(Data extracted from a collection)
......
lemma heis_mat_mult:
  assumes n: "n \<ge> 2"
  shows "heis_mat n a b c * heis_mat n a' b' c' =
    heis_mat n (\<lambda>k. a k + a' k) (\<lambda>k. b k + b' k) (c + c' + mid_dot n a b')"
proof (rule eq_matI)
  fix i j
  assume "i < dim_row (heis_mat n (\<lambda>k. a k + a' k) (\<lambda>k. b k + b' k) (c + c' + mid_dot n a b'))"
    and "j < dim_col (heis_mat n (\<lambda>k. a k + a' k) (\<lambda>k. b k + b' k) (c + c' + mid_dot n a b'))"
  then have ij: "i < n" "j < n" by simp_all
  let ?A = "heis_mat n a b c" and ?B = "heis_mat n a' b' c'"
  have "(?A * ?B) $$ (i, j) = (\<Sum>l<n. ?A $$ (i, l) * ?B $$ (l, j))"
    using ij by (simp add: scalar_prod_def atLeast0LessThan)
  also have "\<dots> = ?A $$ (i, 0) * ?B $$ (0, j) + ?A $$ (i, n - 1) * ?B $$ (n - 1, j)
      + (\<Sum>l\<in>{1..n-2}. ?A $$ (i, l) * ?B $$ (l, j))"
    by (rule sum_lessThan_split_ends[OF n])
  finally have prod: "(?A * ?B) $$ (i, j) = ?A $$ (i, 0) * ?B $$ (0, j) + ?A $$ (i, n - 1) * ?B $$ (n - 1, j)
      + (\<Sum>l\<in>{1..n-2}. ?A $$ (i, l) * ?B $$ (l, j))" .
  consider "i = 0" | "i = n - 1" | "i \<in> {1..n-2}" using ij n by force
  then show "(?A * ?B) $$ (i, j) = heis_mat n (\<lambda>k. a k + a' k) (\<lambda>k. b k + b' k) (c + c' + mid_dot n a b') $$ (i, j)"
  proof cases
    case 1
    have "(\<Sum>l\<in>{1..n-2}. ?A $$ (i, l) * ?B $$ (l, j))
        = (\<Sum>l\<in>{1..n-2}. (if l = j then a l else 0) + (if j = n - 1 then a l * b' l else 0))"
      using 1 n ij by (intro sum.cong) (auto simp: heis_mat_index)
    then show ?thesis using 1 n ij unfolding prod by (auto simp: sum.distrib mid_dot_def heis_mat_index)
  next
    case 2
    have "(\<Sum>l\<in>{1..n-2}. ?A $$ (i, l) * ?B $$ (l, j)) = 0"
      using 2 n ij by (intro sum.neutral) (auto simp: heis_mat_index)
    then show ?thesis using 2 n ij unfolding prod by (auto simp: heis_mat_index)
  next
    case 3
    have "(\<Sum>l\<in>{1..n-2}. ?A $$ (i, l) * ?B $$ (l, j)) = (\<Sum>l\<in>{1..n-2}. if l = i then ?B $$ (i, j) else 0)"
      using 3 n ij by (intro sum.cong) (auto simp: heis_mat_index)
    then show ?thesis using 3 n ij unfolding prod by (auto simp: heis_mat_index)
  qed
qed simp_all

lemma heis_mat_eq_one_mat:
  assumes "\<forall>k\<in>{1..n-2}. a k = 0 \<and> b k = 0"
  shows "heis_mat n a b 0 = 1\<^sub>m n"
  by (rule eq_matI) (use assms in \<open>auto simp: heis_mat_index\<close>)

lemma heis_mat_psi:
  assumes "M \<in> heis n"
  shows "M = heis_mat n (psi_a n M) (psi_b n M) (psi_c n M)"
proof (rule eq_matI)
  fix i j assume "i < dim_row (heis_mat n (psi_a n M) (psi_b n M) (psi_c n M))"
    "j < dim_col (heis_mat n (psi_a n M) (psi_b n M) (psi_c n M))"
  then have ij: "i < n" "j < n" by simp_all
  then have "if i = j then M $$ (i, j) = 1 else if i = 0 \<or> j = n - 1 then gauss_rat (M $$ (i, j))
      else M $$ (i, j) = 0"
    using assms by (simp add: heis_def)
  then show "M $$ (i, j) = heis_mat n (psi_a n M) (psi_b n M) (psi_c n M) $$ (i, j)"
    using ij by (auto simp: heis_mat_index psi_a_def psi_b_def psi_c_def split: if_splits)
qed (use assms in \<open>auto simp: heis_def\<close>)

lemma gauss_rat_psi:
  assumes "M \<in> heis n" and "n \<ge> 2"
  shows "k \<in> {1..n-2} \<Longrightarrow> gauss_rat (psi_a n M k)"
    and "k \<in> {1..n-2} \<Longrightarrow> gauss_rat (psi_b n M k)"
    and "gauss_rat (psi_c n M)"
  using assms by (auto simp: heis_def psi_a_def psi_b_def psi_c_def)

lemma gauss_rat_mid_dot:
  "(\<And>k. k \<in> {1..n-2} \<Longrightarrow> gauss_rat (f k) \<and> gauss_rat (g k)) \<Longrightarrow> gauss_rat (mid_dot n f g)"
  unfolding mid_dot_def by (rule gauss_rat_sum) (auto intro: gauss_rat_mult)

lemma gauss_rat_heis_comm:
  "M \<in> heis n \<Longrightarrow> M' \<in> heis n \<Longrightarrow> n \<ge> 2 \<Longrightarrow> gauss_rat (heis_comm n M M')"
  unfolding heis_comm_eq_mid_dot by (intro gauss_rat_diff gauss_rat_mid_dot) (auto intro: gauss_rat_psi)

lemma gen_semigroup_carrier:
  assumes "S \<subseteq> carrier_mat n n" and "A \<in> gen_semigroup S"
  shows "A \<in> carrier_mat n n"
  using assms(2) by induction (use assms(1) in auto)

lemma gen_semigroup_mult_left:
  assumes S: "S \<subseteq> carrier_mat n n" and "A \<in> gen_semigroup S" and X: "X \<in> S"
  shows "X * A \<in> gen_semigroup S"
  using \<open>A \<in> gen_semigroup S\<close>
proof induction
  case (base M)
  then show ?case using X by (intro gen_semigroup.step gen_semigroup.base)
next
  case (step A M)
  have "X * (A * M) = X * A * M"
    using S X step gen_semigroup_carrier[OF S step(1)] by (intro assoc_mult_mat[symmetric]) auto
  then show ?case using step by (simp add: gen_semigroup.step)
qed

context
  fixes n :: nat and G :: "nat \<Rightarrow> complex mat"
begin
text \<open>Fix a letter function A of \<open>\<tau>\<close> and consider its right quotients \<open>A (_ @ T)\<close> on nonempty
  words; both sides of the equivalence say that there are only finitely many of them.
  The shift of \<open>M\<^sub>\<tau>\<close> by (S, T) vanishes unless \<open>S = \<tau> T\<close>, and is otherwise the 0/1-valued graph
  matrix of the transducer with letter function \<open>A (_ @ T)\<close>, from which this right quotient can be
  read off. A finite-dimensional space of functions contains only finitely many functions with
  values in a finite set, since such a function is determined by its values at finitely many
  points. On the automaton side, the right quotients of an automatic function factor through its
  finite state set; conversely, finitely many right quotients leave only finitely many left
  quotients \<open>A (w @ _)\<close>, and these serve as the states of an automaton (Myhill-Nerode).\<close>

lemma words_Nil [simp]: "[] \<in> words p"
  by (simp add: words_def)

lemma words_Cons [simp]: "x # w \<in> words p \<longleftrightarrow> x < p \<and> w \<in> words p"
  by (auto simp: words_def)

lemma words_append [simp]: "w @ T \<in> words p \<longleftrightarrow> w \<in> words p \<and> T \<in> words p"
  by (auto simp: words_def)

lemma words_drop: "w \<in> words p \<Longrightarrow> drop i w \<in> words p"
  by (auto simp: words_def dest: in_set_dropD)

lemma length_tau [simp]: "length (tau A u) = length u"
  by (simp add: tau_def)

lemma tau_append:
  "tau A (W @ T) = map (\<lambda>i. A (drop i W @ T)) [0..<length W] @ tau A T"
  by (rule nth_equalityI) (auto simp: tau_def nth_append)

lemma tau_in_words:
  assumes "\<forall>w\<in>words p. A w < q" and "W \<in> words p"
  shows "tau A W \<in> words q"
  using assms by (auto simp: tau_def words_def in_set_conv_nth dest: in_set_dropD)

lemma lin_span_finite_sum:
  assumes "finite B" and "f \<in> lin_span B"
  obtains c where "f = (\<lambda>x. \<Sum>b\<in>B. c b * b x)"
proof -
  from assms(2) obtain F c where F: "finite F" "F \<subseteq> B" and f: "f = (\<lambda>x. \<Sum>b\<in>F. c b * b x)"
    by (auto simp: lin_span_def)
  have "(\<Sum>b\<in>B. (if b \<in> F then c b else 0) * b x) = (\<Sum>b\<in>F. c b * b x)" for x
    using assms(1) F(2) by (intro sum.mono_neutral_cong_right) auto
  then show thesis
    using f by (intro that[of "\<lambda>b. if b \<in> F then c b else 0"]) auto
qed

lemma finite_determining_set:
  fixes B :: "('a \<Rightarrow> 'k::field) set"
  assumes "finite B"
  shows "\<exists>X. finite X \<and>
    (\<forall>c. (\<forall>x\<in>X. (\<Sum>b\<in>B. c b * b x) = 0) \<longrightarrow> (\<forall>x. (\<Sum>b\<in>B. c b * b x) = 0))"
  using assms
proof (induction B rule: finite_induct)
  case empty
  then show ?case by auto
next
  case (insert b B)
  from insert.IH obtain X where X: "finite X"
    and determines: "\<And>c. \<forall>x\<in>X. (\<Sum>b\<in>B. c b * b x) = 0 \<Longrightarrow> \<forall>x. (\<Sum>b\<in>B. c b * b x) = 0"
    by blast
  have sum_insert: "(\<Sum>b\<in>insert b B. c b * b x) = c b * b x + (\<Sum>b\<in>B. c b * b x)" for c x
    using insert.hyps by simp
  show ?case
  proof (cases "\<forall>c. (\<forall>x\<in>X. (\<Sum>b\<in>insert b B. c b * b x) = 0)
                  \<longrightarrow> (\<forall>x. (\<Sum>b\<in>insert b B. c b * b x) = 0)")
    case True
    then show ?thesis using X by blast
  next
    case False
    then obtain c0 x0 where c0_X: "\<forall>x\<in>X. (\<Sum>b\<in>insert b B. c0 b * b x) = 0"
      and c0_x0: "(\<Sum>b\<in>insert b B. c0 b * b x0) \<noteq> 0"
      by blast
    have "c0 b \<noteq> 0"
    proof
      assume "c0 b = 0"
      then have "\<forall>x. (\<Sum>b\<in>B. c0 b * b x) = 0"
        using c0_X by (intro determines) (simp add: sum_insert)
      then show False using c0_x0 \<open>c0 b = 0\<close> by (simp add: sum_insert)
    qed
    have "\<forall>x. (\<Sum>b\<in>insert b B. c b * b x) = 0"
      if c_vanishes: "\<forall>x\<in>insert x0 X. (\<Sum>b\<in>insert b B. c b * b x) = 0" for c
    proof -
      define k where "k = c b / c0 b"
      have reduce: "(\<Sum>b\<in>B. (c b - k * c0 b) * b x) =
          (\<Sum>b\<in>insert b B. c b * b x) - k * (\<Sum>b\<in>insert b B. c0 b * b x)" for x
        unfolding sum_insert using \<open>c0 b \<noteq> 0\<close>
        by (simp add: k_def algebra_simps sum_subtractf sum_distrib_left)
      have "\<forall>x. (\<Sum>b\<in>B. (c b - k * c0 b) * b x) = 0"
        using c_vanishes c0_X by (intro determines) (simp add: reduce)
      moreover from this have "k = 0"
        using reduce[of x0] c_vanishes c0_x0 by simp
      ultimately show ?thesis using reduce by simp
    qed
    then show ?thesis using X by (intro exI[of _ "insert x0 X"]) blast
  qed
qed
......
* **Aim of the task**
Your answer should be a single number: the count of lines above that contain the word "open".

* **Response to this task**
9